Hong Kong jazz lost one of its great stalwarts last week with the sudden passing, on his 70th birthday, of John Edwin Hubbard.
Hubbard, who died in his sleep in the early hours of Monday morning, was known to many as the singer and trumpeter of the Victoria Jazz Band, which he joined in 1972 and led from 1994 until his death.
He came to Hong Kong in the 1970s as an advertising industry professional, but was always more enthusiastic about jazz than his job. Music seems to run in his family.
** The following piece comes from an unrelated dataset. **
(* Let $M$ be a closed three-dimensional manifold, $f\in\mathrm{Diff}^1(M)$, and $X$ a volume-expanding hyperbolic fixed point of $f$ of index $1$ for which there is an affine unfolding of the degenerate tangency $(f_t)_{|t|<\delta}$ of $f$ with respect to $X$. Then for every sufficiently small $\varepsilon>0$ there exists $0<\tau\le\varepsilon$ such that $f_\tau$ has a hyperbolic periodic point $Y$ of index $2$ and $f_\tau$ has a heterodimensional cycle associated to $X(f_\tau)$ and $Y$, i.e. $W^u(X(f_\tau))\cap W^s(\mathcal{O}(Y))\ne\emptyset$ and $W^s(X(f_\tau))\cap W^u(\mathcal{O}(Y))\ne\emptyset$.
   Context: Index is the dimension of the unstable manifold; $X$ is volume-expanding if $|\det df(X)|>1$. Affine unfolding: let $f\in\mathrm{Diff}^1(M)$ and $X$ a hyperbolic fixed point of index $1$ with a homoclinic tangency such that the eigenvalues of $df(X)$ are positive and distinct. A family $(f_t)_{|t|<\delta}$ is an affine unfolding of the degenerate tangency of $f$ with respect to $X$ if: (DT1) $f_0=f$; (DT2) there is a chart $\phi:U\to\mathbb{R}^3$ with $\phi(U)=(-1,1)^3$ and $\phi(X)=0$; (DT3) $F_t:=\phi\circ f_t\circ\phi^{-1}$ satisfies $F_t(x,y,z)=(\lambda x,\tilde\lambda y,\mu z)$ for $(x,y,z)\in(-1,1)\times(-1,1)\times(-\mu^{-1},\mu^{-1})$, where $0<\tilde\lambda<\lambda<1<\mu$ and $X,\lambda,\tilde\lambda,\mu$ do not depend on $t$; (DT4) there are $P,Q\in U$ with $\phi(P)=(0,0,p)$, $\phi(Q)=(0,q,0)$, $0<p,q<1$, and an integer $N\ge2$ with $f_0^N(P)=Q$ and $f_t^i(P)\notin U$ for $0<i<N$; (DT5) writing $F_t^N=\phi\circ f_t^N\circ\phi^{-1}$, there is a neighborhood $W_0$ of $P$ with $\phi(W_0)=[-\varepsilon_0,\varepsilon_0]\times[-\varepsilon_0,\varepsilon_0]\times[p-\varepsilon_0,p+\varepsilon_0]$ (some $\varepsilon_0>0$) and $F_t^N(\phi(W_0))\subset\phi(U)$ such that $F_t^N(x,y,z+p)=(az,by+q,cx+t)$ for all $(x,y,z+p)\in\phi(W_0)$, where $a,b,c$ are non-zero real numbers. *)

theory Defs
  imports "HOL-Analysis.Analysis"
begin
His brother, Neil Hubbard, is one of Britain's leading session guitarists.
John Hubbard wasn't a founding member of the Victoria Jazz Band, or VJB, which was established in 1971, but his distinctive trumpet and vocal styles as well as his humorous frontman's persona had been defining elements of the band for most of their more than four-decade history.
A proficient player, Hubbard had the flexibility to play in the full range of jazz styles incorporated into the VJB's repertoire over the years. For many years he also carried on with his advertising day job while performing in the evenings with the VJB, which held residencies at The Godown, the Pacific Rim restaurant at the Hong Kong Convention and Exhibition Centre, Café Deco and, more recently, Grappa's Cellar.
Hubbard eventually devoted himself entirely to being a full-time musician. "I decided years ago that I would never be remembered as the man who successfully launched new brands of shampoo," he told the Post's Mansha Daswani in 1998. "They'll remember me as the guy who played trumpet in the Victoria Jazz Band … for the enjoyment I've brought people rather than the money I've made for large American corporations."
The Elaine Liu photograph accompanying this article nicely captures the John Hubbard many will remember. He is seated at the bar of the old Jazz Club, trumpet in one hand, cigarette in the other, pondering a crossword puzzle clue. Besides jazz, crosswords were his favourite form of recreation.